- Naginimora Location in Nagaland, India
- Coordinates: 26°48′33″N 94°48′36″E﻿ / ﻿26.80917°N 94.81000°E
- Country: India
- State: Nagaland
- District: Mon

Languages
- • Official: English
- Time zone: UTC+5:30 (IST)
- Vehicle registration: NL
- Website: nagaland.gov.in

= Naginimora =

Naginimora is a town in Nagaland, India. It is situated 11 km away from Kongan village in Mon District. It shares border with Bihubar in Assam on the economical corridor.

The name of the town is derived from the words "Nagini Mara or NaginiMora", which mean "the death of a Naga woman"(Source: research manuscript of Konang, N.S.) . Formerly known as Lekan, Naginimora is a subdivision in Mon district under an Additional Deputy Commissioner.

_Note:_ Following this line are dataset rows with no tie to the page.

(* Let $\mathcal{M}$, $\sigma_*$, $\sigma$, $\bar x$, $\delta$, $\phi$, $\mathcal{D}$ and $\bar\phi$ be as described in the context. Then $\bar\phi$ is well defined with values in $N^{\mathrm{red}}_{\mathcal{M}}(\bar x)$, it is locally symmetric in the sense that $\bar\phi(\sigma'x)=\bar\phi(x)$ for all $x\in\mathcal{D}$ and all $\sigma'\in\Sigma^n$ with $\sigma'\bar x=\bar x$, and it is a local equation of $\mathcal{M}$ around $\bar x$: for $x\in\mathcal{D}$ one has $\bar\phi(x)=0$ iff $x\in\mathcal{M}\cap B(\bar x,\delta)$, and the Jacobian of $\bar\phi$ at $\bar x$, as a linear map from $T_{\mathcal{M}}(\bar x)\oplus N^{\mathrm{red}}_{\mathcal{M}}(\bar x)$ to $N^{\mathrm{red}}_{\mathcal{M}}(\bar x)$, is onto.
   Context: $\Sigma^n$ permutations of $\mathbb{N}_n$ acting by $(\sigma x)_i=x_{\sigma^{-1}(i)}$; $P(\sigma)$ orbit partition; $P(x)$ partition by equal coordinates; $\Delta(\sigma)=\{x:P(x)=P(\sigma)\}$; $\Delta(\sigma)^{\perp\perp}=\{x:x_i=x_j$ whenever $i,j$ lie in the same set of $P(\sigma)\}$ and $\Delta(\sigma)^\perp$ its orthogonal complement; $\mathbb{R}^n_\ge=\{x:x_1\ge\cdots\ge x_n\}$; $B(x,\delta)$ open ball. A set $S$ is locally symmetric if $S\cap\mathbb{R}^n_\ge\ne\emptyset$ and each $x\in S$ has $\delta>0$ with $\sigma(S\cap B(x,\delta))=S\cap B(x,\delta)$ for all $y\in S\cap B(x,\delta)$, all $\sigma$ with $\sigma y=y$ (strongly locally symmetric: $\sigma S=S$ for all $y\in S$, all $\sigma$ with $\sigma y=y$). $\mathcal{M}$ is a locally symmetric $C^2$ submanifold (connected, without boundary) of dimension $d$, with characteristic permutation $\sigma_*$ (i.e. $\mathcal{M}\cap B(y,\rho)\subset\Delta(\sigma_* )$ for some $y\in\mathcal{M}$, $\rho>0$); $\kappa_*=|\mathbb{N}_n\setminus\mathrm{supp}(\sigma_* )|$. For $x\in\mathbb{R}^n$, $x^F\in\mathbb{R}^{\kappa_*}$ collects the coordinates with indices in $\mathbb{N}_n\setminus\mathrm{supp}(\sigma_* )$ and $x^M\in\mathbb{R}^{n-\kappa_*}$ the others (in increasing index order), and $x^F\otimes x^M$ denotes the inverse reassembling. Fix $\bar x\in\mathcal{M}\cap\Delta(\sigma)$ and $\delta>0$ such that: $B(\bar x,\delta)$ meets only strata $\Delta(\sigma')$ with $P(\sigma')$ refining $P(\sigma)$; $\mathcal{M}\cap B(\bar x,\delta)$ is strongly locally symmetric; and the orthogonal projection $\bar\pi_T$ onto $\bar x+T_{\mathcal{M}}(\bar x)$ restricted to $\mathcal{M}\cap B(\bar x,\delta)$ is a diffeomorphism onto its image. Let $\phi:(\bar x+T_{\mathcal{M}}(\bar x))\cap B(\bar x,\delta)\to N_{\mathcal{M}}(\bar x)$ be the $C^2$ map with $\mathcal{M}\cap B(\bar x,\delta)=\{x+\phi(x)\}$. Set $N^{\mathrm{red}}_{\mathcal{M}}(\bar x)=N_{\mathcal{M}}(\bar x)\cap\Delta(\sigma)^{\perp\perp}$, choose $\delta_1,\delta_2>0$ with $\mathcal{B}:=B(\bar x^F,\delta_1)\otimes B(\bar x^M,\delta_2)\subset B(\bar x,\delta)$, and $\mathcal{D}=(\bar x+T_{\mathcal{M}}(\bar x)\oplus N^{\mathrm{red}}_{\mathcal{M}}(\bar x))\cap\mathcal{B}$. Let $\bar\pi^{\mathrm{red}}_N$ be the orthogonal projection onto $\bar x+N^{\mathrm{red}}_{\mathcal{M}}(\bar x)$ and define $\bar\phi(x)=\bar x+\phi(\bar\pi_T(x))-\bar\pi^{\mathrm{red}}_N(x)$ for $x\in\mathcal{D}$. *)

theory Defs
  imports "HOL-Analysis.Analysis" "HOL-Combinatorics.Permutations"
begin

text \<open>Points of R^n are vectors (real,'n) vec, the finite index type 'n (with its linear
order) playing the role of N_n = {1,...,n}.\<close>

definition pact :: "('n::finite \<Rightarrow> 'n) \<Rightarrow> (real,'n) vec \<Rightarrow> (real,'n) vec" where
  "pact \<sigma> x = (\<chi> i. x $ (inv \<sigma> i))"

definition same_orbit :: "('n \<Rightarrow> 'n) \<Rightarrow> 'n \<Rightarrow> 'n \<Rightarrow> bool" where
  "same_orbit \<sigma> i j \<longleftrightarrow> (\<exists>k. (\<sigma> ^^ k) i = j)"

text \<open>Stratum Delta(sigma) = {x. P(x) = P(sigma)}.\<close>
definition stratum :: "('n::finite \<Rightarrow> 'n) \<Rightarrow> ((real,'n) vec) set" where
  "stratum \<sigma> = {x. \<forall>i j. x $ i = x $ j \<longleftrightarrow> same_orbit \<sigma> i j}"

text \<open>Delta(sigma)^perp-perp: vectors constant on each set of P(sigma).\<close>
definition stratum_span :: "('n::finite \<Rightarrow> 'n) \<Rightarrow> ((real,'n) vec) set" where
  "stratum_span \<sigma> = {x. \<forall>i j. same_orbit \<sigma> i j \<longrightarrow> x $ i = x $ j}"

definition refines :: "('n \<Rightarrow> 'n) \<Rightarrow> ('n \<Rightarrow> 'n) \<Rightarrow> bool" where
  "refines \<sigma>' \<sigma> \<longleftrightarrow> (\<forall>i j. same_orbit \<sigma>' i j \<longrightarrow> same_orbit \<sigma> i j)"

definition dec_cone :: "((real,'n::{finite,linorder}) vec) set" where
  "dec_cone = {x. \<forall>i j. i \<le> j \<longrightarrow> x $ j \<le> x $ i}"

definition locally_symmetric :: "((real,'n::{finite,linorder}) vec) set \<Rightarrow> bool" where
  "locally_symmetric S \<longleftrightarrow> S \<inter> dec_cone \<noteq> {} \<and>
     (\<forall>x\<in>S. \<exists>\<delta>>0. \<forall>y\<in>S \<inter> ball x \<delta>. \<forall>\<sigma>. \<sigma> permutes UNIV \<and> pact \<sigma> y = y \<longrightarrow>
        pact \<sigma> ` (S \<inter> ball x \<delta>) = S \<inter> ball x \<delta>)"

definition strongly_locally_symmetric :: "((real,'n::{finite,linorder}) vec) set \<Rightarrow> bool" where
  "strongly_locally_symmetric S \<longleftrightarrow> S \<inter> dec_cone \<noteq> {} \<and>
     (\<forall>y\<in>S. \<forall>\<sigma>. \<sigma> permutes UNIV \<and> pact \<sigma> y = y \<longrightarrow> pact \<sigma> ` S = S)"

text \<open>C^1 / C^2 maps on a set S (derivatives taken within S; for open S this is the
usual notion).\<close>
definition C1_on :: "'a::real_normed_vector set \<Rightarrow> ('a \<Rightarrow> 'b::real_normed_vector) \<Rightarrow> bool" where
  "C1_on S f \<longleftrightarrow> (\<exists>f'. (\<forall>x\<in>S. (f has_derivative blinfun_apply (f' x)) (at x within S))
                      \<and> continuous_on S f')"

definition C2_on :: "'a::real_normed_vector set \<Rightarrow> ('a \<Rightarrow> 'b::real_normed_vector) \<Rightarrow> bool" where
  "C2_on S f \<longleftrightarrow> (\<exists>f'. (\<forall>x\<in>S. (f has_derivative blinfun_apply (f' x)) (at x within S))
                      \<and> C1_on S f')"

definition C2_submanifold :: "((real,'n::finite) vec) set \<Rightarrow> nat \<Rightarrow> bool" where
  "C2_submanifold M d \<longleftrightarrow> (\<forall>p\<in>M. \<exists>U W (\<psi> :: (real,'n) vec \<Rightarrow> (real,'n) vec) L. open U \<and> p \<in> U \<and> open W \<and>
      bij_betw \<psi> U W \<and> C2_on U \<psi> \<and> C2_on W (the_inv_into U \<psi>) \<and>
      subspace L \<and> dim L = d \<and> \<psi> ` (M \<inter> U) = L \<inter> W)"

definition tangent_space :: "((real,'n::finite) vec) set \<Rightarrow> (real,'n) vec \<Rightarrow> ((real,'n) vec) set" where
  "tangent_space M x = {v. \<exists>\<gamma> e. e > 0 \<and> \<gamma> 0 = x \<and> (\<forall>t\<in>{-e<..<e}. \<gamma> t \<in> M) \<and>
                                (\<gamma> has_vector_derivative v) (at 0)}"

definition normal_space :: "((real,'n::finite) vec) set \<Rightarrow> (real,'n) vec \<Rightarrow> ((real,'n) vec) set" where
  "normal_space M x = {w. \<forall>v\<in>tangent_space M x. w \<bullet> v = 0}"

definition characteristic_perm :: "((real,'n::finite) vec) set \<Rightarrow> ('n \<Rightarrow> 'n) \<Rightarrow> bool" where
  "characteristic_perm M \<sigma> \<longleftrightarrow> \<sigma> permutes UNIV \<and>
     (\<exists>y\<in>M. \<exists>\<rho>>0. M \<inter> ball y \<rho> \<subseteq> stratum \<sigma>)"

definition aff :: "'a::real_vector \<Rightarrow> 'a set \<Rightarrow> 'a set" where
  "aff p V = {p + v | v. v \<in> V}"

definition orth_proj :: "'a::real_inner set \<Rightarrow> 'a \<Rightarrow> 'a" where
  "orth_proj A x = (THE p. p \<in> A \<and> (\<forall>a\<in>A. \<forall>b\<in>A. (x - p) \<bullet> (a - b) = 0))"

definition direct_sum :: "'a::real_vector set \<Rightarrow> 'a set \<Rightarrow> 'a set" where
  "direct_sum V W = {v + w | v w. v \<in> V \<and> w \<in> W}"

definition diffeo_onto_image :: "'a::real_normed_vector set \<Rightarrow> ('a \<Rightarrow> 'a) \<Rightarrow> bool" where
  "diffeo_onto_image S f \<longleftrightarrow> inj_on f S \<and> C2_on S f \<and> C2_on (f ` S) (the_inv_into S f)"

end

theory Submission
  imports Defs
begin

text \<open>Every point of the reduced domain is \<open>xbar + t + n\<close> with \<open>t \<in> T\<close> and
  \<open>n \<in> Nred \<subseteq> T\<^sup>\<bottom>\<close>; the two orthogonal projections read off \<open>t\<close> and \<open>n\<close>, so
  \<open>\<phi>bar (xbar + t + n) = \<phi> (xbar + t) - n\<close> and all claims reduce to properties of \<open>\<phi>\<close>.
  A permutation fixing \<open>xbar\<close> is an isometry mapping \<open>M \<inter> ball xbar \<delta>\<close> onto itself,
  hence preserves \<open>T\<close>, and uniqueness of the decomposition into tangent and normal part
  makes \<open>\<phi>\<close> equivariant. For a transposition of two indices in one orbit of \<open>\<sigma>\<close> this
  is a reflection, which forces the corresponding coordinates of \<open>\<phi>\<close> to agree; so \<open>\<phi>\<close>
  takes values in \<open>Nred\<close>, which all these permutations fix pointwise. The derivative of
  \<open>\<phi>bar\<close> at \<open>xbar\<close> is \<open>t + n \<mapsto> \<phi>' t - n\<close>, onto \<open>Nred\<close> because \<open>\<phi>'\<close> maps
  \<open>T\<close> into the closed subspace \<open>Nred\<close>.\<close>

section \<open>Permutation action\<close>

lemma pact_nth [simp]: "pact \<sigma> x $ i = x $ inv \<sigma> i"
  by (simp add: pact_def)

lemma linear_pact: "linear (pact \<sigma>)"
  by (rule linearI) (simp_all add: vec_eq_iff)

lemma inner_pact:
  assumes "\<sigma> permutes UNIV"
  shows "pact \<sigma> x \<bullet> pact \<sigma> y = x \<bullet> y"
proof -
  have "pact \<sigma> x \<bullet> pact \<sigma> y = (\<Sum>i\<in>UNIV. x $ inv \<sigma> i * y $ inv \<sigma> i)"
    by (simp add: inner_vec_def)
  also have "\<dots> = (\<Sum>i\<in>UNIV. x $ i * y $ i)"
    using sum.permute[OF permutes_inv[OF assms], of "\<lambda>i. x $ i * y $ i"] by (simp add: o_def)
  finally show ?thesis
    by (simp add: inner_vec_def)
qed

lemma pact_pact_inv:
  assumes "\<sigma> permutes UNIV"
  shows "pact \<sigma> (pact (inv \<sigma>) x) = x"
  by (simp add: vec_eq_iff permutes_inv_inv[OF assms] permutes_inverses(1)[OF assms])

lemma pact_inv_fixed:
  assumes "\<sigma> permutes UNIV" "pact \<sigma> x = x"
  shows "pact (inv \<sigma>) x = x"
  using assms by (metis permutes_inv permutes_inv_inv pact_pact_inv)

lemma pact_fixes_stratum_span:
  assumes "p \<in> stratum \<sigma>" "pact \<sigma>' p = p" "z \<in> stratum_span \<sigma>"
  shows "pact \<sigma>' z = z"
proof -
  have "z $ inv \<sigma>' k = z $ k" for k
  proof -
    have "p $ inv \<sigma>' k = p $ k"
      using arg_cong[OF assms(2), of "\<lambda>x. x $ k"] by simp
    then show ?thesis
      using assms(1,3) unfolding stratum_def stratum_span_def by blast
  qed
  then show ?thesis
    by (simp add: vec_eq_iff)
qed
(* Let $n\ge 1$ and let $Y$ be a semistandard Young tableau on the alphabet $\mathcal{A}_n$ which is an $sp_{2n}$-highest weight tableau. Then for every $1\le i\le n$, every entry of $Y$ equal to $i$ lies in the $i$-th row, and every entry equal to $\bar i$ lies in a row strictly below the $i$-th row.
   Context: $\mathcal{A}_n=\{1<2<\dots<n<\bar n<\dots<\bar 2<\bar 1\}$. Young diagrams are in English convention (row 1 on top). Semistandard: entries weakly increase along rows and strictly increase down columns. The reading of $Y$ is the word $a_1\cdots a_N$ obtained by reading each column top to bottom and concatenating columns from rightmost to leftmost. Crystal $B_n$ on $\mathcal{A}_n$: for $1\le i<n$, $\tilde f_i(i)=i+1$, $\tilde f_i(\overline{i+1})=\bar i$; $\tilde f_n(n)=\bar n$; $\tilde f_i(b)=0$ otherwise; $\tilde e_i$ is the partial inverse. $\varepsilon_i(b)=\max\{k:\tilde e_i^k b\ne0\}$, $\varphi_i(b)=\max\{k:\tilde f_i^kb\neq 0\}$. Tensor rule: $\tilde e_i(b_1\otimes b_2)=\tilde e_i(b_1)\otimes b_2$ if $\varphi_i(b_1)\ge\varepsilon_i(b_2)$, else $b_1\otimes\tilde e_i(b_2)$; $\tilde f_i(b_1\otimes b_2)=\tilde f_i(b_1)\otimes b_2$ if $\varphi_i(b_1)>\varepsilon_i(b_2)$, else $b_1\otimes\tilde f_i(b_2)$; iterated as $a_1\otimes\cdots\otimes a_N=(a_1\otimes\cdots\otimes a_{N-1})\otimes a_N$. $Y$ is an $sp_{2n}$-highest weight tableau if $\tilde e_i(a_1\otimes\cdots\otimes a_N)=0$ in $B_n^{\otimes N}$ for all $1\le i\le n$. *)

theory Defs
  imports Main
begin
lemma super_paraorthomodular_if_boolean_local_gen:
  assumes "\<And>x y. x \<le> y \<Longrightarrow>
    boolean_local_sub c x y (local_gen c x y {proj c (zero_xy c x y) x, proj c (zero_xy c x y) y})"
  shows "super_paraorthomodular c"
proof -
  let ?S = "\<lambda>x y. local_gen c x y {proj c (zero_xy c x y) x, proj c (zero_xy c x y) y}"
  have gens: "sup x (inf y (c y)) \<in> ?S x y" "inf y (sup x (c x)) \<in> ?S x y" if "x \<le> y" for x y
    unfolding proj_zero_xy_left [OF that, symmetric] proj_zero_xy_right [OF that, symmetric]
    by (simp_all add: local_gen.gen)
  show ?thesis
    unfolding super_paraorthomodular_def
  proof (intro conjI allI impI)
    fix x y :: 'a
    assume "x \<le> y \<and> inf (c x) y = sup (inf x (c x)) (inf y (c y))"
    then show "inf y (sup x (c x)) = sup x (inf y (c y))"
      using paraorthomodular_law_if_boolean_local_sub [OF _ assms gens] by (simp add: zero_xy_def)
  next
    fix x y :: 'a
    assume "x \<le> y"
    then show "sup (inf x (c x)) (inf y (c y)) = inf (inf (c x) y) (c (inf (c x) y))"
      using zero_xy_eq_if_boolean_local_sub [OF _ assms gens] by (simp add: zero_xy_def)
  qed
qed

end

theorem lemma4p8:
  fixes c :: "'a::bounded_lattice \<Rightarrow> 'a"
  assumes "pseudo_kleene c"
  shows "super_paraorthomodular c \<longleftrightarrow>
    (\<forall>x y. x \<le> y \<longrightarrow>
       boolean_local_sub c x y
         (local_gen c x y {proj c (zero_xy c x y) x, proj c (zero_xy c x y) y}))"
proof -
  interpret pseudo_kleene_lattice c
    using assms by (rule pseudo_kleene_lattice.intro)
  show ?thesis
    using boolean_local_gen_if_super_paraorthomodular super_paraorthomodular_if_boolean_local_gen
    by blast
qed

end
(* Let $\beta>0$ and let $P,Q,F$ be probability measures on $\mathbb{R}$ with densities $p,q,f$ (or all discrete with probability mass functions on a countable set). Then: (1) $\mathrm{CM}_\beta(P,Q)\ge 0$, and $\mathrm{CM}_\beta(P,Q)=0$ if and only if $p=q$ almost everywhere; (2) $\mathrm{CM}_\beta(P,Q)=\mathrm{CM}_\beta(Q,P)$; (3) $\mathrm{CM}_\beta(P,Q)\le \mathrm{CM}_\beta(P,F)+\mathrm{CM}_\beta(F,Q)$; (4) $0\le \mathrm{CM}_\beta(P,Q)\le 1$; (5) $\lim_{\beta\to 0^+}\mathrm{CM}_\beta(P,Q)=\frac12\int_{\mathbb{R}}|p(x)-q(x)|\,dx=\mathrm{TV}(P,Q)$ (with the sum in the discrete case); (6) if $P_n,Q_n$ have densities (resp. mass functions) $p_n,q_n$ with $p_n\to p$ and $q_n\to q$ in total variation (i.e. $\int|p_n-p|\to0$ and $\int|q_n-q|\to0$, resp. sums), then $\mathrm{CM}_\beta(P_n,Q_n)\to \mathrm{CM}_\beta(P,Q)$.
   Context: For probability measures $P,Q$ with densities $p,q$ and $\beta>0$, the complex metric is $\mathrm{CM}_\beta(P,Q)=\frac12\int_{\mathbb{R}}\left|p(x)e^{i\beta p(x)}-q(x)e^{i\beta q(x)}\right|dx$; in the discrete case with probability mass functions $p,q$ on a countable set it is $\frac12\sum_x\left|p(x)e^{i\beta p(x)}-q(x)e^{i\beta q(x)}\right|$. $\mathrm{TV}(P,Q)=\frac12\int|p-q|$ denotes the total variation distance. *)

theory Defs
  imports "HOL-Probability.Probability"
begin

definition is_density :: "(real \<Rightarrow> real) \<Rightarrow> bool" where
  "is_density p \<longleftrightarrow> p \<in> borel_measurable lborel \<and> (\<forall>x. 0 \<le> p x)
     \<and> integrable lborel p \<and> (\<integral>x. p x \<partial>lborel) = 1"

definition CM :: "real \<Rightarrow> (real \<Rightarrow> real) \<Rightarrow> (real \<Rightarrow> real) \<Rightarrow> real" where
  "CM \<beta> p q = 1/2 * (\<integral>x. cmod (complex_of_real (p x) * exp (\<i> * complex_of_real (\<beta> * p x))
                        - complex_of_real (q x) * exp (\<i> * complex_of_real (\<beta> * q x))) \<partial>lborel)"

definition TV :: "(real \<Rightarrow> real) \<Rightarrow> (real \<Rightarrow> real) \<Rightarrow> real" where
  "TV p q = 1/2 * (\<integral>x. \<bar>p x - q x\<bar> \<partial>lborel)"
lemma teq3_sum_eq:
  "teq3 s xs ys \<Longrightarrow> lin_fun s \<phi> \<Longrightarrow> lin_fun s \<psi> \<Longrightarrow> lin_fun s \<chi> \<Longrightarrow>
    (\<Sum>(a,b,c)\<leftarrow>xs. \<phi> a * \<psi> b * \<chi> c) = (\<Sum>(a,b,c)\<leftarrow>ys. \<phi> a * \<psi> b * \<chi> c)"
  unfolding teq3_def by blast

lemma sum_list_Delta2:
  "(\<Sum>(a,b)\<leftarrow>\<Delta> x. f a * (\<Sum>(c,d)\<leftarrow>\<Delta> b. g c * k d)) =
    (\<Sum>(a,c,d)\<leftarrow>Delta2 \<Delta> x. f a * g c * (k d :: 'k::comm_semiring_0))"
proof -
  have "(\<Sum>(a,b)\<leftarrow>xs. f a * (\<Sum>(c,d)\<leftarrow>\<Delta> b. g c * k d)) =
    (\<Sum>(a,c,d)\<leftarrow>concat (map (\<lambda>(a,b). map (\<lambda>(c,d). (a,c,d)) (\<Delta> b)) xs). f a * g c * k d)" for xs
    by (induction xs) (auto simp: sum_list_const_mult[symmetric] mult.assoc case_prod_beta o_def)
  then show ?thesis unfolding Delta2_def .
qed

lemma sum_list_eq_0_on_set:
  "(\<And>p. p \<in> set xs \<Longrightarrow> f p = (0::'a::monoid_add)) \<Longrightarrow> sum_list (map f xs) = 0"
  by (simp cong: map_cong)

lemma generates_algebra_subalgebra_eq_UNIV:
  "generates_algebra s K \<Longrightarrow> subalgebra s S \<Longrightarrow> K \<subseteq> S \<Longrightarrow> S = UNIV"
  unfolding generates_algebra_def by blast

lemma ideal_generated_subset:
  "alg_ideal s J \<Longrightarrow> K \<subseteq> J \<Longrightarrow> ideal_generated s K \<subseteq> J"
  unfolding ideal_generated_def by blast

context
  fixes sB :: "'k::field \<Rightarrow> 'b::ring_1 \<Rightarrow> 'b" and \<Delta>B :: "'b \<Rightarrow> ('b \<times> 'b) list" and \<epsilon>B :: "'b \<Rightarrow> 'k"
    and sH :: "'k \<Rightarrow> 'h::ring_1 \<Rightarrow> 'h" and \<Delta>H :: "'h \<Rightarrow> ('h \<times> 'h) list" and \<epsilon>H :: "'h \<Rightarrow> 'k"
    and P :: "'b \<Rightarrow> 'h \<Rightarrow> 'k"
  assumes pairing: "hopf_pairing sB \<Delta>B \<epsilon>B sH \<Delta>H \<epsilon>H P"
begin

lemma pairing_linear_left: "lin_fun sB (\<lambda>b. P b h)"
  using pairing unfolding hopf_pairing_def by blast

lemma pairing_linear_right: "lin_fun sH (P b)"
  using pairing unfolding hopf_pairing_def by blast

lemma pairing_one_right: "P b 1 = \<epsilon>B b"
  using pairing unfolding hopf_pairing_def by blast
(* Let $d=1$, $I=[-\tfrac12,\tfrac12]$, $f=g=1_I$, $\overline h=2\cdot1_{I^2}$ and $c(x,y)=\tfrac12|x-y|^2$. Then $h:=2\cdot 1_{[-\frac12,0]^2\cup[0,\frac12]^2}$ belongs to $\Gamma(f,g)^{\overline h}$ and minimizes $I_c$ over $\Gamma(f,g)^{\overline h}$. Moreover, with $u(x)=-\tfrac12x^2$, $v(y)=-\tfrac12y^2$, $S=\{(x,y):xy\ge0\}$ and $w=(c+u+v)1_S$ (so $w(x,y)=-xy\,1_{\{xy\ge0\}}$), the triple $(u,v,w)$ satisfies $c+u+v-w\ge0$, $w\le0$, and $\int c\,h=-\int uf-\int vg+\int w\,\overline h$.
   Context: $\Gamma(f,g)^{\overline h}$: nonnegative compactly supported integrable densities $h$ on $\mathbb{R}^2$ with marginals $\int h(x,y)dy=f(x)$, $\int h(x,y)dx=g(y)$ a.e. and $h\le\overline h$ a.e.; $I_c(h):=\int c\,h$. *)

theory Defs
  imports "HOL-Analysis.Analysis"
begin

definition Gamma_cap ::
  "(real \<Rightarrow> real) \<Rightarrow> (real \<Rightarrow> real) \<Rightarrow> (real \<times> real \<Rightarrow> real) \<Rightarrow> (real \<times> real \<Rightarrow> real) set" where
  "Gamma_cap f g hbar = {h.
      (\<forall>p. 0 \<le> h p)
    \<and> (\<exists>K. compact K \<and> (\<forall>p. p \<notin> K \<longrightarrow> h p = 0))
    \<and> integrable lborel h
    \<and> (AE x in lborel. (LINT y|lborel. h (x, y)) = f x)
    \<and> (AE y in lborel. (LINT x|lborel. h (x, y)) = g y)
    \<and> (AE p in lborel. h p \<le> hbar p)}"

definition I_cost :: "(real \<times> real \<Rightarrow> real) \<Rightarrow> (real \<times> real \<Rightarrow> real) \<Rightarrow> real" where
  "I_cost c h = (LINT p|lborel. c p * h p)"

end

theory Submission imports Defs begin

(* Proof idea: Kantorovich-type duality for the capacity-constrained transport problem.
   For an admissible plan h' (marginals f, g, bounded by hbar) and dual potentials
   (u, v, w) with c + u + v - w >= 0 and w <= 0, integrating against h' gives the weak
   duality bound  I_c(h') >= -int u f - int v g + int w hbar, because the marginal
   constraints turn the u- and v-terms into integrals against f and g, and w <= 0 with
   h' <= hbar gives int w h' >= int w hbar.  If moreover complementary slackness holds
   for h (w hbar = (c + u + v) h pointwise), the bound is an equality for h, so h is
   optimal. *)

text \<open>Every plan has compact support, so continuous weights are integrable against it.\<close>
lemma Gamma_cap_integrable_mult:
  fixes phi :: "real \<times> real \<Rightarrow> real"
  assumes hG: "h \<in> Gamma_cap f g hbar" and phi_cont: "continuous_on UNIV phi"
  shows "integrable lborel (\<lambda>p. phi p * h p)"
proof -
  from hG obtain K where K: "compact K" "\<And>p. p \<notin> K \<Longrightarrow> h p = 0"
    and h_nonneg: "\<And>p. 0 \<le> h p" and h_int: "integrable lborel h"
    unfolding Gamma_cap_def by blast
  have "bounded (phi ` K)"
    by (intro compact_imp_bounded compact_continuous_image
        continuous_on_subset[OF phi_cont] K(1)) auto
  then obtain B where B: "\<And>p. p \<in> K \<Longrightarrow> \<bar>phi p\<bar> \<le> B"
    unfolding bounded_iff by auto
  have meas: "(\<lambda>p. phi p * h p) \<in> borel_measurable lborel"
    using borel_measurable_continuous_onI[OF phi_cont] borel_measurable_integrable[OF h_int]
    by measurable
  have "norm (phi p * h p) \<le> norm (B * h p)" for p
    using B[of p] K(2)[of p] h_nonneg[of p] by (cases "p \<in> K") (auto simp: abs_mult mult_right_mono)
  then show ?thesis
    by (intro Bochner_Integration.integrable_bound[OF _ meas AE_I2, of "\<lambda>p. B * h p"]) (simp_all add: h_int)
qed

It is on the bank of Dikhu river. The town population is predominantly inhabited by the Konyaks. A small but noisy town as one could see about 300 trucks plying up and down the street every day carrying river stones and coals from Kongan soil.

The only coalfield in Nagaland was founded in 1907 by the East India Company and is at Borjan and Kongan soil near Naganimora. Naganimora is biggest trading center of Nagaland Coal. The local weekly market held on Saturdays witnesses a medley crowd of Assamese and Konyak Nagas.